We use the idiomatic expression “sacred cow,” and sometimes don’t know what it means. It comes from a literal sacred cow or sacred bull, which is an actual cow or bull that’s treated with unprecedented respect. In certain religions, a cow is considered so holy that it must never be harmed. What this means is that in some instances, people who adhere to this belief will starve to death rather than kill a sacred cow to eat its meat.
Imagine believing in the sanctity of a cow so much, that you’re willing to die for it. Imagine readily allowing your own children to starve to death rather than killing and eating a sacred cow. Photos abound of starving men, women, and children, their bones sticking out of their ribs, their bellies protruding, and behind them, a cow, healthy and well-fed.
It is not my place to ridicule such beliefs, but like many, I am confounded when innocent children who have no choice in these matters are swept along, harmed by these beliefs simply because they had the random luck of being born to parents who will sit down with them, and explain in sincere detail, with genuine belief, why a cow cannot be a meal. Try to imagine that conversation that a loving parent is having with a beloved child, a child who is literally starving to death. “I want to feed you. I wish I could. But a cow is sacred. More sacred than you or I.”
To many, this is unfathomable. And when something is so unthinkable, it becomes vilified or ridiculed. Most human beings who don’t adhere to or comprehend a belief held by other human beings they don’t know, whose life they haven’t lived, feel superior to whatever that belief is, whatever that sacred cow is, and hence superior to the actual people who believe it. Yes, most of us believe we are better, smarter than others who hold a belief we don’t hold.
I wager that right now, there is someone reading this who got to the part where a parent starves their own child rather than kill a cow, and became furious upon reading it. Never, ever do those people contemplate how this came about, and why it is so vital to some that it even transcends death. Never do angry people stop and think: “How did they come by this belief?”
Or even more profound: “Wait a minute—what are my sacred cows?
Your sacred cow, my sacred cow, doesn’t have to be in a real, live cow. It can be any belief we hold with rigid, blind passion, with never one moment of contemplation: “Could I be wrong about this?”
None of us see that we all have sacred cows, a belief that might be harmful to us, to our children, a belief we cling to no matter what. We don’t see that we have a belief such as this, but we become angry, frustrated, even vengeful when we see the sacred cow held by others. Thanks to the internet, to Facebook private pages, we gather in groups that reiterate and reinforce only our beliefs. We feel stronger and more secure in those possibly harmful sacred cows because they are taught and retaught to us over and over again.
With this army of believers around us, it is so much easier to ignore any contradictory facts.

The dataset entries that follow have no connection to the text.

(* Let $K\ge1$ and let $f(z)=\sum_{n=0}^\infty a_nz^n+\sum_{n=1}^\infty\overline{b_n}\,\overline{z}^n$ be a $K$-quasiconformal harmonic mapping on $\mathbb{D}$. If there is a constant $M>0$ such that $\ell_f^{\ast}(\theta,1)\le M$ for all $\theta\in[0,2\pi]$, then $|a_n|+|b_n|\le KM$ for all $n\ge1$. In particular, if $K=1$ the estimate is sharp, with extremal function $f(z)=Mz$.
   Context: $\mathbb{D}$ is the open unit disk. A sense-preserving homeomorphism $f\in W^{1,2}_{loc}$ is $K$-quasiconformal if $(|f_z|+|f_{\bar z}|)^2\le K(|f_z|^2-|f_{\bar z}|^2)$. For a harmonic mapping $f$ in $\mathbb{D}$, $\theta\in[0,2\pi]$ and $r\in[0,1)$, $\ell_f^{\ast}(\theta,r)=\int_0^r\left|f_z(\rho e^{i\theta})+e^{-2i\theta}f_{\bar z}(\rho e^{i\theta})\right|d\rho$, and $\ell_f^{\ast}(\theta,1)=\sup_{0<r<1}\ell_f^{\ast}(\theta,r)$. *)

theory Defs
  imports "HOL-Analysis.Analysis"
begin

definition wirt_z :: "(complex \<Rightarrow> complex) \<Rightarrow> complex \<Rightarrow> complex" where
  "wirt_z f z = (frechet_derivative f (at z) 1 - \<i> * frechet_derivative f (at z) \<i>) / 2"

definition wirt_zbar :: "(complex \<Rightarrow> complex) \<Rightarrow> complex \<Rightarrow> complex" where
  "wirt_zbar f z = (frechet_derivative f (at z) 1 + \<i> * frechet_derivative f (at z) \<i>) / 2"

definition harm_series :: "(nat \<Rightarrow> complex) \<Rightarrow> (nat \<Rightarrow> complex) \<Rightarrow> complex \<Rightarrow> complex" where
  "harm_series a b z = (\<Sum>n. a n * z ^ n) + (\<Sum>n. cnj (b (Suc n)) * cnj z ^ Suc n)"

definition harmonic_series_on_disk :: "(nat \<Rightarrow> complex) \<Rightarrow> (nat \<Rightarrow> complex) \<Rightarrow> bool" where
  "harmonic_series_on_disk a b \<longleftrightarrow>
     (\<forall>z\<in>ball 0 1. summable (\<lambda>n. a n * z ^ n) \<and> summable (\<lambda>n. b n * z ^ n))"

text \<open>For smooth (harmonic) f the
  W^{1,2}_loc requirement is automatic; we require differentiability everywhere and
  sense-preserving means positive Jacobian |f_z|^2 - |f_zbar|^2 > 0.\<close>
definition K_quasiconformal_on :: "real \<Rightarrow> (complex \<Rightarrow> complex) \<Rightarrow> complex set \<Rightarrow> bool" where
  "K_quasiconformal_on K f S \<longleftrightarrow>
     (\<exists>g. homeomorphism S (f ` S) f g) \<and>
     (\<forall>z\<in>S. f differentiable (at z) \<and>
        (cmod (wirt_z f z))\<^sup>2 - (cmod (wirt_zbar f z))\<^sup>2 > 0 \<and>
        (cmod (wirt_z f z) + cmod (wirt_zbar f z))\<^sup>2
          \<le> K * ((cmod (wirt_z f z))\<^sup>2 - (cmod (wirt_zbar f z))\<^sup>2))"

definition ell_star :: "(complex \<Rightarrow> complex) \<Rightarrow> real \<Rightarrow> real \<Rightarrow> real" where
  "ell_star f \<theta> r = integral {0..r}
     (\<lambda>\<rho>. cmod (wirt_z f (of_real \<rho> * cis \<theta>) + cis (-2 * \<theta>) * wirt_zbar f (of_real \<rho> * cis \<theta>)))"

definition ell_star1 :: "(complex \<Rightarrow> complex) \<Rightarrow> real \<Rightarrow> ereal" where
  "ell_star1 f \<theta> = (SUP r\<in>{0<..<1}. ereal (ell_star f \<theta> r))"

end

theory Submission imports Defs "HOL-Complex_Analysis.Complex_Analysis" begin

text \<open>Write f = h + cnj g with h(z) = \<Sum> a_n z^n and g(z) = \<Sum> b_n z^n, so that f_z = h' and
  f_zbar = cnj g'. The quasiconformality inequality |h'| + |g'| \<le> K (|h'| - |g'|) gives
  |h'| \<le> (K+1)/2 (|h'| - |g'|) and |g'| \<le> (K-1)/2 (|h'| - |g'|), while |h'| - |g'| bounds the
  integrand of \<ell>*_f from below in every direction. Integrating along radii yields
  |h(z) - h(0)| \<le> (K+1)M/2 and |g(z) - g(0)| \<le> (K-1)M/2 on the disk, and Cauchy's estimate
  bounds |a_n| and |b_n| by these two constants.\<close>

lemma eval_fps_Abs_fps: "eval_fps (Abs_fps c) = (\<lambda>z. \<Sum>n. c n * z ^ n)"
  by (simp add: eval_fps_def fun_eq_iff)

lemma conv_radius_ge_1_if_summable_on_ball:
  fixes c :: "nat \<Rightarrow> complex"
  assumes "\<forall>z\<in>ball 0 1. summable (\<lambda>n. c n * z ^ n)"
  shows "fps_conv_radius (Abs_fps c) \<ge> 1"
  unfolding fps_conv_radius_def
proof (rule conv_radius_geI_ex')
  fix r :: real assume "0 < r" "ereal r < 1"
  thus "summable (\<lambda>n. fps_nth (Abs_fps c) n * of_real r ^ n)"
    using assms by auto
qed

lemma power_series_has_fps_expansion:
  fixes c :: "nat \<Rightarrow> complex"
  assumes "\<forall>z\<in>ball 0 1. summable (\<lambda>n. c n * z ^ n)"
  shows "(\<lambda>z. \<Sum>n. c n * z ^ n) has_fps_expansion Abs_fps c"
proof -
  have "fps_conv_radius (Abs_fps c) > 0"
    using conv_radius_ge_1_if_summable_on_ball[OF assms] by (rule less_le_trans[rotated]) simp
  from eval_fps_has_fps_expansion[OF this] show ?thesis
    by (simp add: eval_fps_Abs_fps)
qed

lemma holomorphic_on_power_series_ball:
  fixes c :: "nat \<Rightarrow> complex"
  assumes "\<forall>z\<in>ball 0 1. summable (\<lambda>n. c n * z ^ n)"
  shows "(\<lambda>z. \<Sum>n. c n * z ^ n) holomorphic_on ball 0 1"
proof -
  have "ball (0::complex) 1 \<subseteq> eball 0 (fps_conv_radius (Abs_fps c))"
  proof (rule subsetI)
    fix z :: complex assume "z \<in> ball 0 1"
    hence "ereal (norm z) < 1" by simp
    also have "\<dots> \<le> fps_conv_radius (Abs_fps c)"
      by (rule conv_radius_ge_1_if_summable_on_ball[OF assms])
    finally show "z \<in> eball 0 (fps_conv_radius (Abs_fps c))" by (simp add: dist_norm)
  qed
  from holomorphic_on_eval_fps[OF this] show ?thesis
    by (simp add: eval_fps_Abs_fps)
qed

lemma power_series_coeff_le:
  fixes c :: "nat \<Rightarrow> complex"
  assumes sm: "\<forall>z\<in>ball 0 1. summable (\<lambda>n. c n * z ^ n)"
    and bound: "\<And>z. z \<in> ball 0 1 \<Longrightarrow> norm ((\<Sum>n. c n * z ^ n) - c 0) \<le> B"
    and n: "n \<ge> 1"
  shows "norm (c n) \<le> B"
proof -
  define P where "P = (\<lambda>z. (\<Sum>n. c n * z ^ n) - c 0)"
  have "P has_fps_expansion Abs_fps c - fps_const (c 0)"
    unfolding P_def by (intro has_fps_expansion_diff power_series_has_fps_expansion sm
        has_fps_expansion_const)
  from fps_nth_fps_expansion[OF this, of n] n
  have coeff: "c n = (deriv ^^ n) P 0 / fact n"
    by simp
  have holo: "P holomorphic_on ball 0 1"
    unfolding P_def by (intro holomorphic_intros holomorphic_on_power_series_ball[OF sm])
  have scaled: "norm (c n) * s ^ n \<le> B" if s: "0 < s" "s < 1" for s
  proof -
    have "norm ((deriv ^^ n) P 0) \<le> fact n * B / s ^ n"
    proof (rule Cauchy_inequality)
      show "P holomorphic_on ball 0 s"
        using holo by (rule holomorphic_on_subset) (use s in auto)
      show "continuous_on (cball 0 s) P"
        using holomorphic_on_imp_continuous_on[OF holo] by (rule continuous_on_subset) (use s in auto)
      show "norm (P x) \<le> B" if "norm (0 - x) = s" for x
        using bound[of x] that s by (simp add: P_def)
    qed fact
    thus ?thesis
      using s by (simp add: coeff norm_divide field_simps)
  qed
  have "((\<lambda>s. norm (c n) * s ^ n) \<longlongrightarrow> norm (c n) * 1 ^ n) (at_left (1::real))"
    by (intro tendsto_intros)
  moreover have "eventually (\<lambda>s. norm (c n) * s ^ n \<le> B) (at_left (1::real))"
    using eventually_at_left_real[of 0 "1::real"] by (auto elim!: eventually_mono intro: scaled)
  ultimately show ?thesis
    by (simp add: tendsto_upperbound)
qed

lemma norm_diff_le_radial_integral:
  fixes P P' Q :: "complex \<Rightarrow> complex"
  assumes der: "\<And>w. w \<in> ball 0 1 \<Longrightarrow> (P has_field_derivative P' w) (at w)"
    and contQ: "continuous_on (ball 0 1) Q"
    and deriv_le: "\<And>w. w \<in> ball 0 1 \<Longrightarrow> cmod (P' w) \<le> c * cmod (Q w)"
    and r: "0 \<le> r" "r < 1"
  shows "cmod (P (of_real r * cis \<theta>) - P 0)
           \<le> c * integral {0..r} (\<lambda>\<rho>. cmod (Q (of_real \<rho> * cis \<theta>)))"
proof -
  have on_ball: "of_real \<rho> * cis \<theta> \<in> ball 0 1" if "\<rho> \<in> {0..r}" for \<rho>
    using that r by (auto simp: norm_mult)
  have "((\<lambda>\<rho>. P (of_real \<rho> * cis \<theta>)) has_vector_derivative cis \<theta> * P' (of_real \<rho> * cis \<theta>))
          (at \<rho> within {0..r})" if \<rho>: "\<rho> \<in> {0..r}" for \<rho>
  proof -
    have "((\<lambda>z. z * cis \<theta>) has_field_derivative cis \<theta>) (at (of_real \<rho>))"
      by (auto intro!: derivative_eq_intros)
    from has_vector_derivative_real_field[OF this]
    have "((\<lambda>\<rho>. of_real \<rho> * cis \<theta>) has_vector_derivative cis \<theta>) (at \<rho> within {0..r})"
      by (rule has_vector_derivative_at_within)
    moreover have "(P has_field_derivative P' (of_real \<rho> * cis \<theta>))
        (at (of_real \<rho> * cis \<theta>) within (\<lambda>\<rho>. of_real \<rho> * cis \<theta>) ` {0..r})"
      using der[OF on_ball[OF \<rho>]] by (rule has_field_derivative_at_within)
    ultimately show ?thesis
      using field_vector_diff_chain_within by (fastforce simp: o_def)
  qed
  from fundamental_theorem_of_calculus[OF r(1) this]
  have ftc: "((\<lambda>\<rho>. cis \<theta> * P' (of_real \<rho> * cis \<theta>)) has_integral
               (P (of_real r * cis \<theta>) - P 0)) {0..r}"
    by simp
  have "continuous_on {0..r} (\<lambda>\<rho>. Q (of_real \<rho> * cis \<theta>))"
    by (rule continuous_on_compose2[OF contQ]) (auto intro!: continuous_intros on_ball)
  hence "(\<lambda>\<rho>. c * cmod (Q (of_real \<rho> * cis \<theta>))) integrable_on {0..r}"
    by (intro integrable_continuous_interval continuous_intros)
  with ftc have "norm (integral {0..r} (\<lambda>\<rho>. cis \<theta> * P' (of_real \<rho> * cis \<theta>)))
                   \<le> integral {0..r} (\<lambda>\<rho>. c * cmod (Q (of_real \<rho> * cis \<theta>)))"
    by (intro integral_norm_bound_integral) (auto simp: norm_mult intro!: deriv_le on_ball)
  thus ?thesis
    using integral_unique[OF ftc] by simp
qed

lemma holomorphic_norm_diff_le_radial_bound:
  fixes P :: "complex \<Rightarrow> complex" and Q :: "real \<Rightarrow> complex \<Rightarrow> complex"
  assumes holo: "P holomorphic_on ball 0 1"
    and contQ: "\<And>\<theta>. continuous_on (ball 0 1) (Q \<theta>)"
    and deriv_le: "\<And>\<theta> w. w \<in> ball 0 1 \<Longrightarrow> cmod (deriv P w) \<le> c * cmod (Q \<theta> w)"
    and radial: "\<And>\<theta> r. \<theta> \<in> {0..2*pi} \<Longrightarrow> 0 \<le> r \<Longrightarrow> r < 1 \<Longrightarrow>
                   integral {0..r} (\<lambda>\<rho>. cmod (Q \<theta> (of_real \<rho> * cis \<theta>))) \<le> M"
    and c: "c \<ge> 0" and z: "z \<in> ball 0 1"
  shows "cmod (P z - P 0) \<le> c * M"
proof -
  define \<theta> where "\<theta> = Arg2pi z"
  have \<theta>: "\<theta> \<in> {0..2*pi}" and polar: "z = of_real (cmod z) * cis \<theta>"
    using Arg2pi[of z] by (auto simp: \<theta>_def is_Arg_def cis_conv_exp)
  have "cmod (P (of_real (cmod z) * cis \<theta>) - P 0)
          \<le> c * integral {0..cmod z} (\<lambda>\<rho>. cmod (Q \<theta> (of_real \<rho> * cis \<theta>)))"
    using z by (intro norm_diff_le_radial_integral[OF _ contQ deriv_le]
        holomorphic_derivI[OF holo open_ball]) auto
  also have "\<dots> \<le> c * M"
    using radial[OF \<theta>, of "cmod z"] z c by (intro mult_left_mono) auto
  finally show ?thesis
    using polar by simp
qed

lemma wirt_derivatives_eqI:
  assumes "(f has_derivative (\<lambda>w. p * w + cnj (q * w))) (at z)"
  shows "wirt_z f z = p" and "wirt_zbar f z = cnj q"
  using frechet_derivative_at[OF assms, symmetric]
  by (simp_all add: wirt_z_def wirt_zbar_def algebra_simps)

lemma harm_series_eq_on_ball:
  assumes hs: "harmonic_series_on_disk a b" and z: "z \<in> ball 0 1"
  shows "harm_series a b z = (\<Sum>n. a n * z ^ n) + cnj ((\<Sum>n. b n * z ^ n) - b 0)"
proof -
  have "summable (\<lambda>n. b n * z ^ n)"
    using hs z by (auto simp: harmonic_series_on_disk_def)
  hence "(\<lambda>n. b (Suc n) * z ^ Suc n) sums ((\<Sum>n. b n * z ^ n) - b 0)"
    by (subst sums_Suc_iff) (simp add: summable_sums)
  hence "(\<lambda>n. cnj (b (Suc n)) * cnj z ^ Suc n) sums cnj ((\<Sum>n. b n * z ^ n) - b 0)"
    using sums_cnj by fastforce
  thus ?thesis
    by (simp add: harm_series_def sums_iff)
qed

Our logical brain gives way to our lizard brain—the one that works by emotion only—and it starts to weed out any fact that doesn’t go along with the support of our personal sacred cow.
Where a brain that operates on logic wants to question and rethink, to analyze and re-examine, to utilize a new thought process to improve life, the lizard brain, now in charge, thanks to the sheer amount of support from our group, quivers in fear of contradiction. It makes us terrified of anyone or anything that threatens our sacred cow, even if, in a small, cowering part of our psyche, there is a whisper of, “What if this is wrong? What if I’m harming myself and others with this unbending, adamant belief?”